Owing to this increased competition, De Clercq emphasises the necessity of simply being present in Mozambique and the importance of increasing competitiveness through active marketing.

He also highlights the importance of encouraging South African civil engineering companies to establish a greater presence in the rest of Africa and to be more dynamic.

“If this happens, the steel construction industry, including capital equipment suppliers, among others, can come into those projects on the coat tails of the civil engineering contractors,” he says.

Endorsing Exports
One of the many challenges facing the South African steel construction industry is that the combined capacity of the industry exceeds current demand.

De Clercq highlights the industry boom in 2007 and 2008, when there was a tremendous demand for steel construction and the industry was fully occupied.

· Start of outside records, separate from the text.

(* Let $I=CPC$ (classical propositional logic). Then for every formula $\varphi$ (possibly containing $\square$), $\vdash_{L5(I)}\varphi\leftrightarrow\square\varphi$.
   Context: Formulas are built from a countable set $V$ of propositional variables using $\wedge,\vee,\rightarrow,\bot$ and the unary modal operator $\square$. Abbreviations: - $\neg\varphi:=\varphi\rightarrow\bot$; - $\varphi\leftrightarrow\psi:=(\varphi\rightarrow\psi)\wedge(\psi\rightarrow\varphi)$; - $\varphi\equiv\psi:=\square(\varphi\rightarrow\psi)\wedge\square(\psi\rightarrow\varphi)$. For an intermediate logic $I$ (intuitionistic propositional logic extended by axiom schemes that are classical tautologies), the deductive system $L5(I)$ has as axioms all instances of the schemes: (i) all formulas having the form of a theorem of $I$ (possibly containing $\square$); (ii) $\square\varphi\rightarrow\varphi$; (iii) $\square(\varphi\rightarrow\psi)\rightarrow(\square(\psi\rightarrow\chi)\rightarrow\square(\varphi\rightarrow\chi))$; (iv) $\square(\varphi\vee\psi)\rightarrow(\square\varphi\vee\square\psi)$; (v) $\square\varphi\rightarrow\square\square\varphi$; (vi) $\neg\square\varphi\rightarrow\square\neg\square\varphi$. In addition, all formulas $(\varphi\equiv\psi)\rightarrow(\chi[x:=\varphi]\equiv\chi[x:=\psi])$ and all formulas $\varphi\vee\neg\varphi$ are theorems. The rules are: - Modus Ponens; - Axiom Necessitation: from an axiom of the form (i)–(vi) infer $\square$ of it; this rule applies only to axioms (i)–(vi). $\vdash_{L5(I)}\varphi$ means $\varphi$ is derivable. *)

theory Defs
  imports Main
begin

datatype fm = Var nat | Bot | And fm fm | Or fm fm | Imp fm fm | Box fm

definition Neg :: "fm \<Rightarrow> fm" where "Neg p = Imp p Bot"
definition Iff :: "fm \<Rightarrow> fm \<Rightarrow> fm" where "Iff p q = And (Imp p q) (Imp q p)"
definition Equiv :: "fm \<Rightarrow> fm \<Rightarrow> fm" where
  "Equiv p q = And (Box (Imp p q)) (Box (Imp q p))"

primrec subst :: "(nat \<Rightarrow> fm) \<Rightarrow> fm \<Rightarrow> fm" where
  "subst s (Var x) = s x"
| "subst s Bot = Bot"
| "subst s (And p q) = And (subst s p) (subst s q)"
| "subst s (Or p q) = Or (subst s p) (subst s q)"
| "subst s (Imp p q) = Imp (subst s p) (subst s q)"
| "subst s (Box p) = Box (subst s p)"

definition subst1 :: "nat \<Rightarrow> fm \<Rightarrow> fm \<Rightarrow> fm" where
  "subst1 x p c = subst (Var(x := p)) c"

primrec boxfree :: "fm \<Rightarrow> bool" where
  "boxfree (Var x) = True"
| "boxfree Bot = True"
| "boxfree (And p q) = (boxfree p \<and> boxfree q)"
| "boxfree (Or p q) = (boxfree p \<and> boxfree q)"
| "boxfree (Imp p q) = (boxfree p \<and> boxfree q)"
| "boxfree (Box p) = False"

primrec cval :: "(nat \<Rightarrow> bool) \<Rightarrow> fm \<Rightarrow> bool" where
  "cval v (Var x) = v x"
| "cval v Bot = False"
| "cval v (And p q) = (cval v p \<and> cval v q)"
| "cval v (Or p q) = (cval v p \<or> cval v q)"
| "cval v (Imp p q) = (cval v p \<longrightarrow> cval v q)"
| "cval v (Box p) = False"

text \<open>Theorems of I = CPC: the classical tautologies (box-free).\<close>
definition CPC_thm :: "fm \<Rightarrow> bool" where
  "CPC_thm p \<longleftrightarrow> boxfree p \<and> (\<forall>v. cval v p)"

inductive ax :: "fm \<Rightarrow> bool" where
  ax_i:   "CPC_thm p \<Longrightarrow> ax (subst s p)"
| ax_ii:  "ax (Imp (Box p) p)"
| ax_iii: "ax (Imp (Box (Imp p q)) (Imp (Box (Imp q r)) (Box (Imp p r))))"
| ax_iv:  "ax (Imp (Box (Or p q)) (Or (Box p) (Box q)))"
| ax_v:   "ax (Imp (Box p) (Box (Box p)))"
| ax_vi:  "ax (Imp (Neg (Box p)) (Box (Neg (Box p))))"

inductive L5 :: "fm \<Rightarrow> bool" where
  axiom: "ax p \<Longrightarrow> L5 p"
| AN:    "ax p \<Longrightarrow> L5 (Box p)"
| MP:    "L5 (Imp p q) \<Longrightarrow> L5 p \<Longrightarrow> L5 q"
| SCP:   "L5 (Imp (Equiv p q) (Equiv (subst1 x p c) (subst1 x q c)))"
| TND:   "L5 (Or p (Neg p))"

end

theory Submission
  imports Defs
begin

(* Necessitating excluded middle and applying (iv) yields Box phi \<or> Box (Neg phi).
   By (ii), in the first case phi and Box phi both hold, in the second both fail;
   classical propositional reasoning then gives phi \<longleftrightarrow> Box phi. *)

lemma ax_tautology_instance:
  assumes "boxfree p" and "\<forall>v. cval v p"
  shows "ax (subst s p)"
  using assms by (intro ax_i) (simp add: CPC_thm_def)

lemma L5_box_or_box_neg: "L5 (Or (Box \<phi>) (Box (Neg \<phi>)))"
proof -
  have "ax (Or \<phi> (Neg \<phi>))"
    using ax_tautology_instance[of "Or (Var 0) (Neg (Var 0))" "\<lambda>_. \<phi>"]
    by (simp add: Neg_def)
  then show ?thesis
    by (rule L5.MP[OF L5.axiom[OF ax_iv] L5.AN])
qed

theorem lemma6p1:
  fixes \<phi> :: fm
  shows "L5 (Iff \<phi> (Box \<phi>))"
proof -
  have case_split: "L5 (Imp (Or (Box \<phi>) (Box (Neg \<phi>)))
      (Imp (Imp (Box (Neg \<phi>)) (Neg \<phi>)) (Imp (Imp (Box \<phi>) \<phi>) (Iff \<phi> (Box \<phi>)))))"
    using ax_tautology_instance[of
        "Imp (Or (Var 1) (Var 2)) (Imp (Imp (Var 2) (Neg (Var 0)))
           (Imp (Imp (Var 1) (Var 0)) (Iff (Var 0) (Var 1))))"
        "\<lambda>n. [\<phi>, Box \<phi>, Box (Neg \<phi>)] ! n"]
    by (auto simp: Neg_def Iff_def intro: L5.axiom)
  show ?thesis
    using L5.MP[OF L5.MP[OF L5.MP[OF case_split L5_box_or_box_neg]
        L5.axiom[OF ax_ii]] L5.axiom[OF ax_ii]] .
qed

end
(* Let $n \ge 3$ be odd, let $f \in S_{1,1}(n)$ and let $g \in S_{0,0}(n)$. Then: (i) $\psi(f) \in S_{0,0}(n)$ if $\sigma_f = 1$, and $\psi(f) \in S_{0,1}(n)$ if $\sigma_f = 0$; (ii) $\psi^{-1}(f) \in S_{0,0}(n)$ if $\sigma_f = 0$, and $\psi^{-1}(f) \in S_{1,0}(n)$ if $\sigma_f = 1$; (iii) $\psi(g) \in S_{1,1}(n)$ if $\sigma_g = 1$, and $\psi(g) \in S_{1,0}(n)$ if $\sigma_g = 0$; (iv) $\psi^{-1}(g) \in S_{1,1}(n)$ if $\sigma_g = 0$, and $\psi^{-1}(g) \in S_{0,1}(n)$ if $\sigma_g = 1$.
   Context: For $n \ge 2$, let $\mathcal{I}_n$ be the set of all irreducible polynomials of degree $n$ in $\mathbb{F}_2[x]$. Every $f \in \mathcal{I}_n$ is monic with constant term $1$; write $f = x^n + f_{n-1}x^{n-1} + \cdots + f_1 x + 1$ with $f_k \in \mathbb{F}_2$. For $i,j \in \mathbb{F}_2$, $S_{i,j}(n)$ denotes the set of $f \in \mathcal{I}_n$ with $f_{n-1} = i$ and $f_1 = j$. Define $\psi : \mathcal{I}_n \to \mathcal{I}_n$ by $\psi(f)(x) = (x+1)^n f\!\left(\frac{1}{x+1}\right)$, with inverse $\psi^{-1}(f)(x) = x^n f\!\left(\frac{x+1}{x}\right)$. The signature of $f \in \mathcal{I}_n$ is $\sigma_f = \sum_{k=2}^{n-2} k f_k \pmod 2 \in \mathbb{F}_2$. *)

theory Defs
  imports "HOL-Computational_Algebra.Polynomial" "HOL-Computational_Algebra.Polynomial_Factorial" "HOL-Library.Z2"
begin

definition Irr :: "nat \<Rightarrow> bit poly set" where
  "Irr n = {f. degree f = n \<and> lead_coeff f = 1 \<and> irreducible f}"

definition S :: "bit \<Rightarrow> bit \<Rightarrow> nat \<Rightarrow> bit poly set" where
  "S i j n = {f \<in> Irr n. coeff f (n - 1) = i \<and> coeff f 1 = j}"

text \<open>psi(f)(x) = (x+1)^n f(1/(x+1)) = sum_k f_k (x+1)^(n-k)\<close>
definition psi :: "nat \<Rightarrow> bit poly \<Rightarrow> bit poly" where
  "psi n f = (\<Sum>k\<le>n. smult (coeff f k) ([:1, 1:] ^ (n - k)))"

text \<open>psi^{-1}(f)(x) = x^n f((x+1)/x) = sum_k f_k (x+1)^k x^(n-k)\<close>
definition psi_inv :: "nat \<Rightarrow> bit poly \<Rightarrow> bit poly" where
  "psi_inv n f = (\<Sum>k\<le>n. smult (coeff f k) ([:1, 1:] ^ k * [:0, 1:] ^ (n - k)))"

definition sigma :: "nat \<Rightarrow> bit poly \<Rightarrow> bit" where
  "sigma n f = (\<Sum>k=2..n-2. of_nat k * coeff f k)"

end

theory Submission imports Defs begin

text \<open>Over F_2 both maps are built from two involutions that preserve irreducibility: the
substitution x \<mapsto> x + 1 and the reflection p \<mapsto> x^(deg p) p(1/x) of polynomials with
non-zero constant term. Indeed psi f is the reflection of f composed with x + 1 and psi^-1 f is the
reflection of f(x + 1), so both are again irreducible of degree n. Their coefficients at x^(n-1)
and x are the binomial sums sum_k f_k binom(n-k, j) and sum_k f_k binom(k, n-j). Reduced modulo 2,
using that n is odd and that f_0 = f_n = f(1) = 1, they equal 1 + f_1, f_1 + sigma_f,
f_1 + sigma_f + 1 and f_(n-1) + 1; the four claims follow by inserting the values of f_1 and
f_(n-1).\<close>

lemma of_nat_bit_eq: "(of_nat m :: bit) = (if even m then 0 else 1)"
  by (induction m) auto

lemma binomial_pred_self: "1 \<le> n \<Longrightarrow> n choose (n - 1) = n"
  by (subst binomial_symmetric) auto

lemma coeff_x_plus_1_power:
  "coeff ([:1, 1:] ^ m) j = (of_nat (m choose j) :: 'a::comm_semiring_1)"
proof (cases "j \<le> m")
  case True
  then show ?thesis by (simp add: coeff_linear_poly_power)
next
  case False
  have "degree ([:1, 1 :: 'a:] ^ m) \<le> m"
    using degree_power_le[of "[:1, 1 :: 'a:]" m] by simp
  with False show ?thesis by (simp add: coeff_eq_0 binomial_eq_0)
qed

lemma pcompose_monom: "pcompose (monom c m) q = smult c (q ^ m)"
  for q :: "'a::comm_semiring_1 poly"
  by (induction m) (simp_all add: monom_0 monom_Suc pcompose_pCons)

lemma pcompose_eq_sum_powers:
  fixes p q :: "'a::comm_semiring_1 poly"
  assumes "degree p \<le> n"
  shows "pcompose p q = (\<Sum>k\<le>n. smult (coeff p k) (q ^ k))"
proof -
  have "pcompose p q = pcompose (\<Sum>k\<le>n. monom (coeff p k) k) q"
    using poly_as_sum_of_monoms'[OF assms] by simp
  then show ?thesis by (simp add: pcompose_sum pcompose_monom)
qed

lemma irreducible_pcompose_involution:
  fixes p s :: "'a::comm_semiring_1 poly"
  assumes self_inverse: "pcompose s s = [:0, 1:]" and irr: "irreducible p"
  shows "irreducible (pcompose p s)"
proof -
  have twice: "pcompose (pcompose r s) s = r" for r
    by (simp add: pcompose_assoc[symmetric] self_inverse)
  have unit: "pcompose a s dvd 1" if "a dvd 1" for a
  proof -
    from that obtain c where "1 = a * c" by (elim dvdE)
    then have "1 = pcompose a s * pcompose c s"
      by (metis pcompose_1 pcompose_mult)
    then show ?thesis by (rule dvdI)
  qed
  show ?thesis
  proof (rule irreducibleI)
    show "pcompose p s \<noteq> 0"
      using twice[of p] irr by (metis not_irreducible_zero pcompose_0)
    show "\<not> pcompose p s dvd 1"
    proof
      assume "pcompose p s dvd 1"
      then have "p dvd 1"
        using unit[of "pcompose p s"] twice[of p] by simp
      with irr show False
        by (simp add: irreducible_not_unit)
    qed
  next
    fix a b assume "pcompose p s = a * b"
    then have "p = pcompose a s * pcompose b s"
      by (metis twice pcompose_mult)
    then have "pcompose a s dvd 1 \<or> pcompose b s dvd 1"
      by (rule irreducibleD[OF irr])
    then show "a dvd 1 \<or> b dvd 1"
      using unit[of "pcompose a s"] unit[of "pcompose b s"] twice by auto
  qed
qed

lemma irreducible_reflect_poly:
  fixes p :: "'a::field poly"
  assumes irr: "irreducible p" and "coeff p 0 \<noteq> 0"
  shows "irreducible (reflect_poly p)"
proof -
  have unit: "is_unit (reflect_poly a)" if "is_unit a" for a :: "'a poly"
    using that by (auto simp: is_unit_poly_iff)
  show ?thesis
  proof (rule irreducibleI)
    show "reflect_poly p \<noteq> 0"
      using irr by auto
    show "\<not> is_unit (reflect_poly p)"
    proof
      assume "is_unit (reflect_poly p)"
      then have "is_unit p"
        using unit[of "reflect_poly p"] assms(2) by simp
      with irr show False
        by (simp add: irreducible_not_unit)
    qed
  next
    fix a b assume ab: "reflect_poly p = a * b"
    have "coeff a 0 * coeff b 0 = lead_coeff p"
      using arg_cong[OF ab, of "\<lambda>r. coeff r 0"] by (simp add: coeff_mult_0)
    then have "coeff a 0 * coeff b 0 \<noteq> 0"
      using irr by auto
    then have "coeff a 0 \<noteq> 0" and "coeff b 0 \<noteq> 0"
      by auto
    moreover have "p = reflect_poly a * reflect_poly b"
      using arg_cong[OF ab, of reflect_poly] assms by (simp add: reflect_poly_mult)
    then have "is_unit (reflect_poly a) \<or> is_unit (reflect_poly b)"
      by (rule irreducibleD[OF irr])
    ultimately show "is_unit a \<or> is_unit b"
      using unit[of "reflect_poly a"] unit[of "reflect_poly b"] by auto
  qed
qed

text \<open>The reciprocal x^n p(1/x) taken with respect to a formal degree n \<ge> degree p.\<close>

definition reversal :: "nat \<Rightarrow> 'a::comm_monoid_add poly \<Rightarrow> 'a poly" where
  "reversal n p = (\<Sum>k\<le>n. monom (coeff p k) (n - k))"

lemma coeff_reversal: "coeff (reversal n p) i = (if i \<le> n then coeff p (n - i) else 0)"
proof -
  have "coeff (reversal n p) i = (\<Sum>k\<le>n. if k = n - i \<and> i \<le> n then coeff p k else 0)"
    unfolding reversal_def coeff_sum coeff_monom by (rule sum.cong) auto
  then show ?thesis by simp
qed

lemma reversal_sum: "reversal n (\<Sum>k\<in>A. p k) = (\<Sum>k\<in>A. reversal n (p k))"
  by (rule poly_eqI) (simp add: coeff_reversal coeff_sum)

lemma reversal_smult: "reversal n (smult c p) = smult c (reversal n p)"
  for p :: "'a::comm_semiring_0 poly"
  by (rule poly_eqI) (simp add: coeff_reversal)

lemma reversal_eq_reflect_poly:
  fixes p :: "'a::comm_semiring_1 poly"
  assumes "degree p \<le> n"
  shows "reversal n p = monom 1 (n - degree p) * reflect_poly p"
  by (rule poly_eqI)
    (use assms in \<open>auto simp: coeff_reversal coeff_monom_mult coeff_reflect_poly coeff_eq_0\<close>)

text \<open>Rewriting bit arithmetic into xor and conjunction defeats the parity arguments below.\<close>

declare add_bit_eq_xor [simp del] mult_bit_eq_and [simp del]

lemma pcompose_x_plus_1_self: "pcompose [:1, 1:] [:1, 1:] = [:0, 1 :: bit:]"
  by (simp add: pcompose_pCons)

lemma psi_eq_pcompose_reversal: "psi n f = pcompose (reversal n f) [:1, 1:]"
  by (simp add: psi_def reversal_def pcompose_sum pcompose_monom)

lemma psi_inv_eq_reversal_pcompose:
  assumes "degree f \<le> n"
  shows "psi_inv n f = reversal n (pcompose f [:1, 1:])"
proof -
  have "reversal n ([:1, 1:] ^ k) = [:1, 1:] ^ k * [:0, 1 :: bit:] ^ (n - k)" if "k \<le> n" for k
    using reversal_eq_reflect_poly[of "[:1, 1 :: bit:] ^ k" n] that
    by (simp add: degree_power_eq reflect_poly_power reflect_poly_pCons' monom_altdef mult.commute)
  then show ?thesis
    using assms by (simp add: psi_inv_def pcompose_eq_sum_powers reversal_sum reversal_smult)
qed

lemma coeff_psi: "coeff (psi n f) j = (\<Sum>k\<le>n. coeff f k * of_nat ((n - k) choose j))"
  by (simp add: psi_def coeff_sum coeff_x_plus_1_power)

lemma coeff_psi_inv:
  assumes "degree f \<le> n" and "j \<le> n"
  shows "coeff (psi_inv n f) j = (\<Sum>k\<le>n. coeff f k * of_nat (k choose (n - j)))"
  using assms
  by (simp add: psi_inv_eq_reversal_pcompose coeff_reversal pcompose_eq_sum_powers coeff_sum
      coeff_x_plus_1_power)

lemma Irr_iff: "p \<in> Irr n \<longleftrightarrow> degree p = n \<and> irreducible p"
proof -
  have "lead_coeff p = 1" if "irreducible p"
    using that by (metis bit_not_zero_iff leading_coeff_0_iff not_irreducible_zero)
  then show ?thesis
    by (auto simp: Irr_def)
qed

locale odd_irreducible =
  fixes n :: nat and h :: "bit poly"
  assumes n_ge_3: "3 \<le> n" and odd_n: "odd n" and h_Irr: "h \<in> Irr n"
begin

lemma degree_h: "degree h = n" and irreducible_h: "irreducible h"
  using h_Irr by (simp_all add: Irr_iff)

lemma coeff_h_top: "coeff h n = 1"
  using h_Irr by (auto simp: Irr_def)

lemma poly_h_eq_1: "poly h c = 1"
proof -
  have "\<not> poly h c = 0"
  proof
    assume "poly h c = 0"
    then have "\<not> irreducible h"
      using degree_h n_ge_3 by (intro root_imp_reducible_poly) auto
    with irreducible_h show False
      by contradiction
  qed
  then show ?thesis
    by simp
qed

lemma coeff_h_0: "coeff h 0 = 1"
  using poly_h_eq_1[of 0] by (simp add: poly_0_coeff_0)

lemma sum_coeffs: "(\<Sum>k\<le>n. coeff h k) = 1"
  using poly_h_eq_1[of 1] by (simp add: poly_altdef degree_h)

lemma weighted_sum_coeffs: "(\<Sum>k\<le>n. of_nat k * coeff h k) = coeff h 1 + sigma n h + 1"
proof -
  let ?g = "\<lambda>k. (of_nat k :: bit) * coeff h k"
  have split: "{..n} = {0, 1} \<union> {2..n - 2} \<union> {n - 1, n}"
    using n_ge_3 by auto
  have "(\<Sum>k\<le>n. ?g k) = sum ?g ({0, 1} \<union> {2..n - 2}) + sum ?g {n - 1, n}"
    unfolding split by (rule sum.union_disjoint) (use n_ge_3 in auto)
  also have "\<dots> = sum ?g {0, 1} + sum ?g {2..n - 2} + sum ?g {n - 1, n}"
    by (subst sum.union_disjoint) auto
  also have "\<dots> = coeff h 1 + sigma n h + 1"
    using n_ge_3 odd_n by (simp add: sigma_def of_nat_bit_eq coeff_h_top)
  finally show ?thesis .
qed

lemma psi_eq_pcompose_reflect: "psi n h = pcompose (reflect_poly h) [:1, 1:]"
  using reversal_eq_reflect_poly[of h n] by (simp add: psi_eq_pcompose_reversal degree_h)

lemma psi_inv_eq_reflect_pcompose: "psi_inv n h = reflect_poly (pcompose h [:1, 1:])"
  using reversal_eq_reflect_poly[of "pcompose h [:1, 1:]" n]
  by (simp add: psi_inv_eq_reversal_pcompose degree_h degree_pcompose)

lemma psi_Irr: "psi n h \<in> Irr n"
  using irreducible_pcompose_involution[OF pcompose_x_plus_1_self
      irreducible_reflect_poly[OF irreducible_h]]
  by (simp add: Irr_iff psi_eq_pcompose_reflect degree_pcompose degree_h coeff_h_0)

lemma psi_inv_Irr: "psi_inv n h \<in> Irr n"
proof -
  have "coeff (pcompose h [:1, 1:]) 0 \<noteq> 0"
    using poly_h_eq_1[of 1] by simp
  then show ?thesis
    using irreducible_reflect_poly[OF irreducible_pcompose_involution[OF pcompose_x_plus_1_self
          irreducible_h]]
    by (simp add: Irr_iff psi_inv_eq_reflect_pcompose degree_pcompose degree_h)
qed

lemma coeff_psi_pred: "coeff (psi n h) (n - 1) = 1 + coeff h 1"
proof -
  have "coeff h k * of_nat ((n - k) choose (n - 1))
      = (if k = 0 then 1 else 0) + (if k = 1 then coeff h 1 else 0)" for k
  proof (cases "k = 0")
    case True
    then show ?thesis
      using binomial_pred_self[of n] n_ge_3 odd_n coeff_h_0 by (simp add: of_nat_bit_eq)
  qed (use n_ge_3 in \<open>auto simp: binomial_eq_0\<close>)
  then show ?thesis
    using n_ge_3 by (simp add: coeff_psi sum.distrib)
qed

lemma coeff_psi_1: "coeff (psi n h) 1 = coeff h 1 + sigma n h"
proof -
  have "coeff h k * of_nat ((n - k) choose 1) = coeff h k + of_nat k * coeff h k" if "k \<le> n" for k
  proof -
    have "even (n - k) \<longleftrightarrow> odd k"
      using that odd_n by auto
    then show ?thesis
      by (cases "coeff h k") (auto simp: of_nat_bit_eq)
  qed
  then have "coeff (psi n h) 1 = 1 + (coeff h 1 + sigma n h + 1)"
    by (simp add: coeff_psi sum.distrib sum_coeffs weighted_sum_coeffs)
  then show ?thesis
    by (cases "coeff h 1"; cases "sigma n h") simp_all
qed

lemma coeff_psi_inv_pred: "coeff (psi_inv n h) (n - 1) = coeff h 1 + sigma n h + 1"
  using n_ge_3 weighted_sum_coeffs
  by (simp add: coeff_psi_inv degree_h mult.commute)

lemma coeff_psi_inv_1: "coeff (psi_inv n h) 1 = coeff h (n - 1) + 1"
proof -
  have "coeff h k * of_nat (k choose (n - 1))
      = (if k = n - 1 then coeff h (n - 1) else 0) + (if k = n then 1 else 0)" if "k \<le> n" for k
  proof (cases "k = n")
    case True
    then show ?thesis
      using binomial_pred_self[of n] n_ge_3 odd_n coeff_h_top by (simp add: of_nat_bit_eq)
  qed (use that n_ge_3 in \<open>auto simp: binomial_eq_0\<close>)
  then show ?thesis
    using n_ge_3 by (simp add: coeff_psi_inv degree_h sum.distrib)
qed

lemma psi_in_S: "psi n h \<in> S (1 + coeff h 1) (coeff h 1 + sigma n h) n"
  using psi_Irr coeff_psi_pred coeff_psi_1 by (simp add: S_def)

lemma psi_inv_in_S: "psi_inv n h \<in> S (coeff h 1 + sigma n h + 1) (coeff h (n - 1) + 1) n"
  using psi_inv_Irr coeff_psi_inv_pred coeff_psi_inv_1 by (simp add: S_def)

end

theorem lemma1:
  fixes n :: nat and f g :: "bit poly"
  assumes "n \<ge> 3" and "odd n" and "f \<in> S 1 1 n" and "g \<in> S 0 0 n"
  shows "(sigma n f = 1 \<longrightarrow> psi n f \<in> S 0 0 n) \<and> (sigma n f = 0 \<longrightarrow> psi n f \<in> S 0 1 n)
       \<and> (sigma n f = 0 \<longrightarrow> psi_inv n f \<in> S 0 0 n) \<and> (sigma n f = 1 \<longrightarrow> psi_inv n f \<in> S 1 0 n)
       \<and> (sigma n g = 1 \<longrightarrow> psi n g \<in> S 1 1 n) \<and> (sigma n g = 0 \<longrightarrow> psi n g \<in> S 1 0 n)
       \<and> (sigma n g = 0 \<longrightarrow> psi_inv n g \<in> S 1 1 n) \<and> (sigma n g = 1 \<longrightarrow> psi_inv n g \<in> S 0 1 n)"
proof -
  interpret f: odd_irreducible n f
    using assms by unfold_locales (simp_all add: S_def)
  interpret g: odd_irreducible n g
    using assms by unfold_locales (simp_all add: S_def)
  have "coeff f (n - 1) = 1" "coeff f 1 = 1" "coeff g (n - 1) = 0" "coeff g 1 = 0"
    using assms(3,4) by (simp_all add: S_def)
  then show ?thesis
    using f.psi_in_S f.psi_inv_in_S g.psi_in_S g.psi_inv_in_S
    by (cases "sigma n f"; cases "sigma n g") simp_all
qed

end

“Since then, demand has shrunk signifi- cantly because of the global and local economic slowdown, and the industry’s capacity is not even nearly fully used,” he says.

“Even under normal conditions, our industry needs to expand its markets and exports constitute the obvious opportunity. Exporting fabricated steelwork is a strategic imperative for the industry.

“Our industry needs to be active in exports on a consistent basis and certainly not just during those times when local demand is down.”

Van Niekerk agrees and says that the African situation is enticing for South African exporters. “New coal mining opportunities in countries like Mozambique are booming and the discovery, as well as capacity confirmation of new offshore gasfields around all the other Southern African countries, signal the start of a great new Southern African industry.”